Review: It Was Just an Accident

It Was Just An Accident
4

Summary

It Was Just An Accident

It’s Jafar Panahi in defiant form, turning a taut mistaken-identity thriller into a sharp, darkly funny reckoning with trauma and justice.

When discussing the recent work of Mohammad Rasoulof, I noted that the word brave is often overused in film discourse—but it takes on renewed meaning when applied to a filmmaker who has faced exile, imprisonment, and censorship. The same has long been true of fellow Iranian director Jafar Panahi, whose IT WAS JUST AN ACCIDENT (aka Un simple accident) made a powerful statement when it won the Palme d’Or at Cannes this year.

Despite the official lifting of his filmmaking ban, Panahi still had to work in secret on this latest project. For good reason too: while the film plays like a reimagined road-movie thriller, it remains deeply critical of the Iranian government. The story begins with a man (Ebrahim Azizi) driving his family home at night when he’s involved in a minor traffic accident. Seeking help at a nearby repair shop, he’s met by Vahid (Vahid Mobasseri), who hears the man’s squeaking prosthetic leg and becomes convinced the man is Eghbal, the prison torturer who once brutalised him.

What follows is a tense, claustrophobic journey as Vahid becomes unsure whether his impulsive act has caught the right man.

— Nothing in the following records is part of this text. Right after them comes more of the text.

text \<open>Splitting the ring at two overlaps of length \<open>k - 1\<close> distributes the windows over two open
  chains.\<close>

lemma cyclic_sum_split:
  assumes k: "1 \<le> k" and u: "length u = k - 1" and v: "length v = k - 1"
  shows "cyclic_sum A X k (u @ x @ v @ y) =
    trace (chain_sum A X k (u @ x @ v) ** mprod A y) + trace (chain_sum A X k (v @ y @ u) ** mprod A x)"
proof -
  let ?m = "length (u @ x)" and ?r = "length (v @ y)"
  have m: "?m = Suc (length (u @ x @ v)) - k" and r: "?r = Suc (length (v @ y @ u)) - k"
    using u v k by simp_all
  have "cyclic_sum A X k (u @ x @ v @ y) = (\<Sum>i<?m + ?r. window_trace A X k (rotate i (u @ x @ v @ y)))"
    by (simp add: cyclic_sum_def add.assoc)
  also have "\<dots> = (\<Sum>i<?m. window_trace A X k (rotate i (u @ x @ v @ y))) +
      (\<Sum>j<?r. window_trace A X k (rotate (?m + j) (u @ x @ v @ y)))"
    by (rule sum_lessThan_add)
  also have "(\<Sum>i<?m. window_trace A X k (rotate i (u @ x @ v @ y))) =
      trace (chain_sum A X k (u @ x @ v) ** mprod A y)"
    using sum_window_trace_rotate[OF k, where A = A and X = X and s = "u @ x @ v" and t = y]
    unfolding m by simp
  also have "(\<Sum>j<?r. window_trace A X k (rotate (?m + j) (u @ x @ v @ y))) =
      (\<Sum>j<?r. window_trace A X k (rotate j ((v @ y @ u) @ x)))"
  proof (rule sum.cong[OF refl])
    fix j
    have "rotate (?m + j) (u @ x @ v @ y) = rotate j (rotate ?m ((u @ x) @ (v @ y)))"
      by (simp add: rotate_rotate add.commute)
    also have "\<dots> = rotate j ((v @ y) @ (u @ x))"
      by (simp only: rotate_append)
    finally show "window_trace A X k (rotate (?m + j) (u @ x @ v @ y)) =
        window_trace A X k (rotate j ((v @ y @ u) @ x))"
      by simp
  qed
  also have "\<dots> = trace (chain_sum A X k (v @ y @ u) ** mprod A x)"
    unfolding r by (rule sum_window_trace_rotate[OF k])
  finally show ?thesis .
qed

lemma window_trace_telescoping:
  assumes k: "1 \<le> k" "k \<le> length zs" and X: "telescoping_form A k X B"
  defines "g \<equiv> \<lambda>ys. trace (B (take (k - 1) ys) ** mprod A (drop (k - 1) ys))"
  shows "window_trace A X k zs = g (rotate1 zs) - g zs"
proof -
  obtain a t where zs: "zs = a # t"
    using k by (cases zs) auto
  have t: "k - 1 \<le> length t"
    using k zs by simp
  have "hd (take k zs) = a" "tl (take k zs) = take (k - 1) t"
    using k zs by (cases k; simp)+
  moreover have "butlast (take k zs) = take (k - 1) zs" "last (take k zs) = zs ! (k - 1)"
    using k zs by (simp_all add: butlast_take last_conv_nth min_def)
  ultimately have X_zs: "X (take k zs) = A a ** B (take (k - 1) t) - B (take (k - 1) zs) ** A (zs ! (k - 1))"
    using X k by (simp add: telescoping_form_def)
  have "drop (k - 1) zs = zs ! (k - 1) # drop k zs"
    using k Cons_nth_drop_Suc[of "k - 1" zs] by simp
  then have right: "trace (B (take (k - 1) zs) ** A (zs ! (k - 1)) ** mprod A (drop k zs)) = g zs"
    by (simp add: g_def matrix_mul_assoc)
  have "drop k zs = drop (k - 1) t"
    using zs k by (cases k) auto
  then have "trace (A a ** B (take (k - 1) t) ** mprod A (drop k zs)) =
      trace (A a ** (B (take (k - 1) t) ** mprod A (drop (k - 1) t)))"
    by (simp add: matrix_mul_assoc)
  also have "\<dots> = trace (B (take (k - 1) t) ** mprod A (drop (k - 1) t) ** A a)"
    by (rule trace_mul_sym)
  also have "\<dots> = g (rotate1 zs)"
    using t by (simp add: g_def zs mprod_snoc matrix_mul_assoc)
  finally show ?thesis
    using right by (simp add: window_trace_def X_zs matrix_diff_rdistrib trace_sub)
qed

lemma cyclic_sum_telescoping:
  assumes "1 \<le> k" "k \<le> length ys" "telescoping_form A k X B"
  shows "cyclic_sum A X k ys = 0"
proof -
  define g where "g ys = trace (B (take (k - 1) ys) ** mprod A (drop (k - 1) ys))" for ys
  have "window_trace A X k (rotate i ys) = g (rotate (Suc i) ys) - g (rotate i ys)" for i
  proof -
    have "window_trace A X k (rotate i ys) = g (rotate1 (rotate i ys)) - g (rotate i ys)"
      unfolding g_def by (rule window_trace_telescoping) (use assms in auto)
    then show ?thesis
      by (simp add: rotate_rotate[of 1, simplified])
  qed
  then have "cyclic_sum A X k ys = (\<Sum>i<length ys. g (rotate (Suc i) ys) - g (rotate i ys))"
    by (simp add: cyclic_sum_def)
  also have "\<dots> = g (rotate (length ys) ys) - g (rotate 0 ys)"
    by (rule sum_lessThan_telescope)
  finally show ?thesis
    by simp
qed

lemma chain_sum_respects_relations:
  fixes A :: "'d::finite \<Rightarrow> complex^'D^'D"
  assumes k: "1 \<le> k" and vanish: "\<And>ys. length ys = N \<Longrightarrow> cyclic_sum A X k ys = 0"
    and u: "length u = k - 1" and v: "length v = k - 1"
    and span: "products_span A m" and N: "l + m + 2 * (k - 1) = N"
  shows "respects_relations A l (\<lambda>x. chain_sum A X k (u @ x @ v))"
  unfolding respects_relations_def
proof (intro allI impI)
  fix \<alpha> assume rel: "word_comb A l \<alpha> = 0"
  define M where "M = (\<Sum>x\<in>words l. mscale (\<alpha> x) (chain_sum A X k (u @ x @ v)))"
  have "trace (M ** mprod A y) = 0" if y: "length y = m" for y
  proof -
    have swap: "trace (chain_sum A X k (u @ x @ v) ** mprod A y) = - trace (chain_sum A X k (v @ y @ u) ** mprod A x)"
      if "length x = l" for x
    proof -
      have "cyclic_sum A X k (u @ x @ v @ y) = 0"
        using that u v y N by (intro vanish) simp
      then show ?thesis
        unfolding cyclic_sum_split[OF k u v] by (simp add: eq_neg_iff_add_eq_0)
    qed
    have "trace (M ** mprod A y) = (\<Sum>x\<in>words l. \<alpha> x * trace (chain_sum A X k (u @ x @ v) ** mprod A y))"
      by (simp add: M_def matrix_sum_rdistrib matrix_mul_mscale_left trace_sum trace_mscale)
    also have "\<dots> = - (\<Sum>x\<in>words l. \<alpha> x * trace (chain_sum A X k (v @ y @ u) ** mprod A x))"
      by (simp add: swap sum_negf)
    also have "\<dots> = - trace (chain_sum A X k (v @ y @ u) ** word_comb A l \<alpha>)"
      by (simp add: word_comb_def matrix_sum_ldistrib matrix_mul_mscale_right trace_sum trace_mscale)
    finally show ?thesis
      by (simp add: rel)
  qed
  then show "(\<Sum>x\<in>words l. mscale (\<alpha> x) (chain_sum A X k (u @ x @ v))) = 0"
    using products_span_trace_zero[OF span] by (simp add: M_def)
qed

section \<open>The eigenvalue equation as a cyclic sum\<close>

lemma local_window_eq_take_rotate:
  assumes "length xs = N" "k \<le> N" "i < N"
  shows "local_window N k i xs = take k (rotate i xs)"
  using assms by (intro nth_equalityI) (auto simp: local_window_def nth_rotate)

lemma rotate_site_update:
  assumes len: "length xs = N" and js: "length js = k" and "k \<le> N" and i: "i < N"
  shows "rotate i (site_update N i js xs) = js @ drop k (rotate i xs)"
proof (rule nth_equalityI)
  show "length (rotate i (site_update N i js xs)) = length (js @ drop k (rotate i xs))"
    using assms by (simp add: site_update_def)
next
  fix p assume "p < length (rotate i (site_update N i js xs))"
  then have p: "p < N"
    by (simp add: site_update_def)
  have "((i + p) mod N + N - i) mod N = ((i + p) mod N + (N - i)) mod N"
    using i by simp
  also have "\<dots> = ((i + p) + (N - i)) mod N"
    by (simp add: mod_add_left_eq)
  also have "(i + p) + (N - i) = p + N"
    using i by simp
  finally have offset: "((i + p) mod N + N - i) mod N = p"
    using p by simp
  show "rotate i (site_update N i js xs) ! p = (js @ drop k (rotate i xs)) ! p"
    using p len js assms(3) by (auto simp: nth_rotate site_update_def offset nth_append)
qed

text \<open>With \<open>c = E / N\<close> this is the matrix on the left-hand side of the characterization.\<close>

definition local_term ::
    "('d \<Rightarrow> complex^'D^'D) \<Rightarrow> ('d list \<Rightarrow> 'd list \<Rightarrow> complex) \<Rightarrow> complex \<Rightarrow> nat \<Rightarrow> 'd list \<Rightarrow> complex^'D^'D" where
  "local_term A h c k w = (\<Sum>js\<in>words k. mscale (h w js - c * (if w = js then 1 else 0)) (mprod A js))"

lemma window_trace_local_term:
  fixes A :: "'d::finite \<Rightarrow> complex^'D^'D"
  assumes len: "length xs = N" and "k \<le> N" "i < N"
  shows "window_trace A (local_term A h c k) k (rotate i xs) =
    (\<Sum>js\<in>words k. h (local_window N k i xs) js * trace (mprod A (site_update N i js xs))) - c * trace (mprod A xs)"
proof -
  let ?w = "take k (rotate i xs)" and ?R = "mprod A (drop k (rotate i xs))"
  have w: "length ?w = k"
    using assms by simp
  have "trace (mprod A js ** ?R) = trace (mprod A (site_update N i js xs))" if "length js = k" for js
    using rotate_site_update[OF len that assms(2,3)] trace_mprod_rotate[of A i "site_update N i js xs"]
    by (simp add: mprod_append)
  moreover have "trace (mprod A ?w ** ?R) = trace (mprod A xs)"
    by (simp add: mprod_append[symmetric] trace_mprod_rotate)
  ultimately have "window_trace A (local_term A h c k) k (rotate i xs) =
      (\<Sum>js\<in>words k. h ?w js * trace (mprod A (site_update N i js xs))) - c * trace (mprod A xs)"
    using w by (simp add: window_trace_def local_term_def matrix_sum_rdistrib matrix_mul_mscale_left
        trace_sum trace_mscale left_diff_distrib sum_subtractf if_distrib[of "\<lambda>x. x * _"]
        if_distrib[of "\<lambda>x. _ * x"] sum.delta'
        cong: if_cong)
  then show ?thesis
    using local_window_eq_take_rotate[OF assms] by simp
qed

lemma local_sum_op_eigen_defect:
  fixes A :: "'d::finite \<Rightarrow> complex^'D^'D"
  assumes len: "length xs = N" and "1 \<le> k" "k \<le> N"
  shows "local_sum_op N k h (mps_state A N) xs - E * mps_state A N xs =
    cyclic_sum A (local_term A h (E / of_nat N) k) k xs"
proof -
  have N: "of_nat N * (E / of_nat N) = E"
    using assms by simp
  have "cyclic_sum A (local_term A h (E / of_nat N) k) k xs =
      (\<Sum>i<N. \<Sum>js\<in>words k. h (local_window N k i xs) js * trace (mprod A (site_update N i js xs))) -
      of_nat N * (E / of_nat N) * trace (mprod A xs)"
    using assms by (simp add: cyclic_sum_def window_trace_local_term sum_subtractf)
  then show ?thesis
    using assms by (simp add: N local_sum_op_def mps_state_def site_update_def)
qed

He gathers a group of others to confirm the captive’s identity: wedding photographer Shiva (Mariam Afshari), bride-to-be Goli (Hadis Paak Baten), her fiancé Ali (Majid Panahi), and the volatile Hamid (Mohamad Ali Elyasmehr). All but Ali were once victims of the man they call “Peg Leg.” As they debate Eghbal’s fate, the lines between justice and vengeance blur.

The premise is simple, but Panahi’s skill lies in how he balances this taut scenario with rich human complexity. Genre tropes are a vehicle, but the film’s heart lies in its characters: their pain, trauma, and resilience. Despite the heavy subject matter, what may surprise viewers is how sharply funny the script can be. Panahi leans into the absurdity of the situation at times, such as when this ragtag crew attempts to explain their predicament to a pair of bewildered security guards.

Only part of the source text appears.